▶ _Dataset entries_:
-- Opening Marker --
(* Let $S,T\subseteq\mathbb{Z}_{>0}$ be finite with $T\preceq S$ and $|T|>|S|$. Let $y\in T$ be the smallest element such that $T\setminus\{y\}\preceq S$. Then: (1) for every $j$ with $T(j)<y$, $(T\triangleleft S)(j)=T(j)$; (2) $y\notin T\triangleleft S$; (3) for every $S'\subseteq S$, $(T\setminus\{y\})\triangleleft S'=T\triangleleft S'$.
   Context: For a finite set $S\subseteq\mathbb{Z}_{>0}$, $S(i)$ denotes its $i$th smallest element. $T\preceq S$ means $|T|\ge|S|$ and $T(i)<S(i)$ for all $i\in[|S|]$. For finite $S,T$, $T\triangleleft S$ is computed by going through $S$ from largest to smallest; each $s$ picks the largest element of $T$ less than $s$ not yet picked (if one exists); $T\triangleleft S$ is the set of picked elements. *)

theory Defs
  imports Main
begin

text \<open>S(i): the i-th smallest element of a finite set S, 1-indexed (meaningful for 1 <= i <= card S).\<close>
definition nth_el :: "nat set \<Rightarrow> nat \<Rightarrow> nat" where
  "nth_el S i = sorted_list_of_set S ! (i - 1)"

definition preceq :: "nat set \<Rightarrow> nat set \<Rightarrow> bool" where
  "preceq T S \<longleftrightarrow> card T \<ge> card S \<and> (\<forall>i\<in>{1..card S}. nth_el T i < nth_el S i)"

fun pick :: "nat list \<Rightarrow> nat set \<Rightarrow> nat set" where
  "pick [] A = {}"
| "pick (s # ss) A =
     (if \<exists>t\<in>A. t < s
      then (let t = Max {t\<in>A. t < s} in insert t (pick ss (A - {t})))
      else pick ss A)"

definition tri :: "nat set \<Rightarrow> nat set \<Rightarrow> nat set" where
  "tri T S = pick (rev (sorted_list_of_set S)) T"

end

theory Submission
  imports Defs
begin

text \<open>Write \<open>rank X x\<close> for the number of elements of \<open>X\<close> below \<open>x\<close>. Then \<open>T \<preceq> S\<close> says
  that \<open>rank S s < rank T s\<close> for every \<open>s \<in> S\<close>, and the greedy matching \<open>T \<triangleleft> S\<close> picks
  \<open>t \<in> T\<close> exactly when some window \<open>(t, u]\<close> contains more elements of \<open>S\<close> than \<open>T\<close> has in
  \<open>(t, u)\<close>. Minimality of \<open>y\<close> means that every \<open>z \<in> T\<close> below \<open>y\<close> lies under a tight
  \<open>s \<in> S\<close>, i.e. \<open>rank T s = rank S s + 1\<close>. The window up to such an \<open>s\<close> shows that each
  \<open>t < y\<close> is picked; together with \<open>T - {y} \<preceq> S\<close> it also leaves every window above \<open>y\<close>
  short of elements of \<open>S\<close>, so \<open>y\<close> is picked by no \<open>S' \<subseteq> S\<close>, and removing an element
  that is never picked does not change the greedy run.\<close>

definition rank :: "nat set \<Rightarrow> nat \<Rightarrow> nat" where
  "rank X x = card {a\<in>X. a < x}"

lemma rank_mono: "a \<le> b \<Longrightarrow> rank X a \<le> rank X b"
  unfolding rank_def by (rule card_mono) auto

lemma rank_Suc: "rank X (Suc x) = (if x \<in> X then Suc (rank X x) else rank X x)"
proof -
  have "{a\<in>X. a < Suc x} = (if x \<in> X then insert x {a\<in>X. a < x} else {a\<in>X. a < x})"
    by (auto simp: less_Suc_eq)
  then show ?thesis
    unfolding rank_def by simp
qed

lemma rank_Diff_singleton:
  assumes "z \<in> X"
  shows "rank (X - {z}) x = (if z < x then rank X x - 1 else rank X x)"
proof -
  have "{a\<in>X - {z}. a < x} = {a\<in>X. a < x} - {z}"
    by blast
  with assms show ?thesis
    unfolding rank_def by (simp add: card_Diff_singleton_if)
qed

lemma card_window: "card {a\<in>X. t < a \<and> a < u} = rank X u - rank X (Suc t)"
proof (cases "t < u")
  case True
  have "{a\<in>X. a < u} = {a\<in>X. a < Suc t} \<union> {a\<in>X. t < a \<and> a < u}"
    using True by auto
  then have "rank X u = card ({a\<in>X. a < Suc t} \<union> {a\<in>X. t < a \<and> a < u})"
    unfolding rank_def by simp
  also have "\<dots> = rank X (Suc t) + card {a\<in>X. t < a \<and> a < u}"
    unfolding rank_def by (rule card_Un_disjoint) auto
  finally show ?thesis
    by simp
next
  case False
  then show ?thesis
    using rank_mono[of u "Suc t" X] by simp
qed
-- Closing Marker --
▶ _Problem to solve_: The whole set of records needs to be written out exactly.

▶ _Task output_:
(* Let $S,T\subseteq\mathbb{Z}_{>0}$ be finite with $T\preceq S$ and $|T|>|S|$. Let $y\in T$ be the smallest element such that $T\setminus\{y\}\preceq S$. Then: (1) for every $j$ with $T(j)<y$, $(T\triangleleft S)(j)=T(j)$; (2) $y\notin T\triangleleft S$; (3) for every $S'\subseteq S$, $(T\setminus\{y\})\triangleleft S'=T\triangleleft S'$.
   Context: For a finite set $S\subseteq\mathbb{Z}_{>0}$, $S(i)$ denotes its $i$th smallest element. $T\preceq S$ means $|T|\ge|S|$ and $T(i)<S(i)$ for all $i\in[|S|]$. For finite $S,T$, $T\triangleleft S$ is computed by going through $S$ from largest to smallest; each $s$ picks the largest element of $T$ less than $s$ not yet picked (if one exists); $T\triangleleft S$ is the set of picked elements. *)

theory Defs
  imports Main
begin

text \<open>S(i): the i-th smallest element of a finite set S, 1-indexed (meaningful for 1 <= i <= card S).\<close>
definition nth_el :: "nat set \<Rightarrow> nat \<Rightarrow> nat" where
  "nth_el S i = sorted_list_of_set S ! (i - 1)"

definition preceq :: "nat set \<Rightarrow> nat set \<Rightarrow> bool" where
  "preceq T S \<longleftrightarrow> card T \<ge> card S \<and> (\<forall>i\<in>{1..card S}. nth_el T i < nth_el S i)"

fun pick :: "nat list \<Rightarrow> nat set \<Rightarrow> nat set" where
  "pick [] A = {}"
| "pick (s # ss) A =
     (if \<exists>t\<in>A. t < s
      then (let t = Max {t\<in>A. t < s} in insert t (pick ss (A - {t})))
      else pick ss A)"

definition tri :: "nat set \<Rightarrow> nat set \<Rightarrow> nat set" where
  "tri T S = pick (rev (sorted_list_of_set S)) T"

end

theory Submission
  imports Defs
begin

text \<open>Write \<open>rank X x\<close> for the number of elements of \<open>X\<close> below \<open>x\<close>. Then \<open>T \<preceq> S\<close> says
  that \<open>rank S s < rank T s\<close> for every \<open>s \<in> S\<close>, and the greedy matching \<open>T \<triangleleft> S\<close> picks
  \<open>t \<in> T\<close> exactly when some window \<open>(t, u]\<close> contains more elements of \<open>S\<close> than \<open>T\<close> has in
  \<open>(t, u)\<close>. Minimality of \<open>y\<close> means that every \<open>z \<in> T\<close> below \<open>y\<close> lies under a tight
  \<open>s \<in> S\<close>, i.e. \<open>rank T s = rank S s + 1\<close>. The window up to such an \<open>s\<close> shows that each
  \<open>t < y\<close> is picked; together with \<open>T - {y} \<preceq> S\<close> it also leaves every window above \<open>y\<close>
  short of elements of \<open>S\<close>, so \<open>y\<close> is picked by no \<open>S' \<subseteq> S\<close>, and removing an element
  that is never picked does not change the greedy run.\<close>

definition rank :: "nat set \<Rightarrow> nat \<Rightarrow> nat" where
  "rank X x = card {a\<in>X. a < x}"

lemma rank_mono: "a \<le> b \<Longrightarrow> rank X a \<le> rank X b"
  unfolding rank_def by (rule card_mono) auto

lemma rank_Suc: "rank X (Suc x) = (if x \<in> X then Suc (rank X x) else rank X x)"
proof -
  have "{a\<in>X. a < Suc x} = (if x \<in> X then insert x {a\<in>X. a < x} else {a\<in>X. a < x})"
    by (auto simp: less_Suc_eq)
  then show ?thesis
    unfolding rank_def by simp
qed

lemma rank_Diff_singleton:
  assumes "z \<in> X"
  shows "rank (X - {z}) x = (if z < x then rank X x - 1 else rank X x)"
proof -
  have "{a\<in>X - {z}. a < x} = {a\<in>X. a < x} - {z}"
    by blast
  with assms show ?thesis
    unfolding rank_def by (simp add: card_Diff_singleton_if)
qed

lemma card_window: "card {a\<in>X. t < a \<and> a < u} = rank X u - rank X (Suc t)"
proof (cases "t < u")
  case True
  have "{a\<in>X. a < u} = {a\<in>X. a < Suc t} \<union> {a\<in>X. t < a \<and> a < u}"
    using True by auto
  then have "rank X u = card ({a\<in>X. a < Suc t} \<union> {a\<in>X. t < a \<and> a < u})"
    unfolding rank_def by simp
  also have "\<dots> = rank X (Suc t) + card {a\<in>X. t < a \<and> a < u}"
    unfolding rank_def by (rule card_Un_disjoint) auto
  finally show ?thesis
    by simp
next
  case False
  then show ?thesis
    using rank_mono[of u "Suc t" X] by simp
qed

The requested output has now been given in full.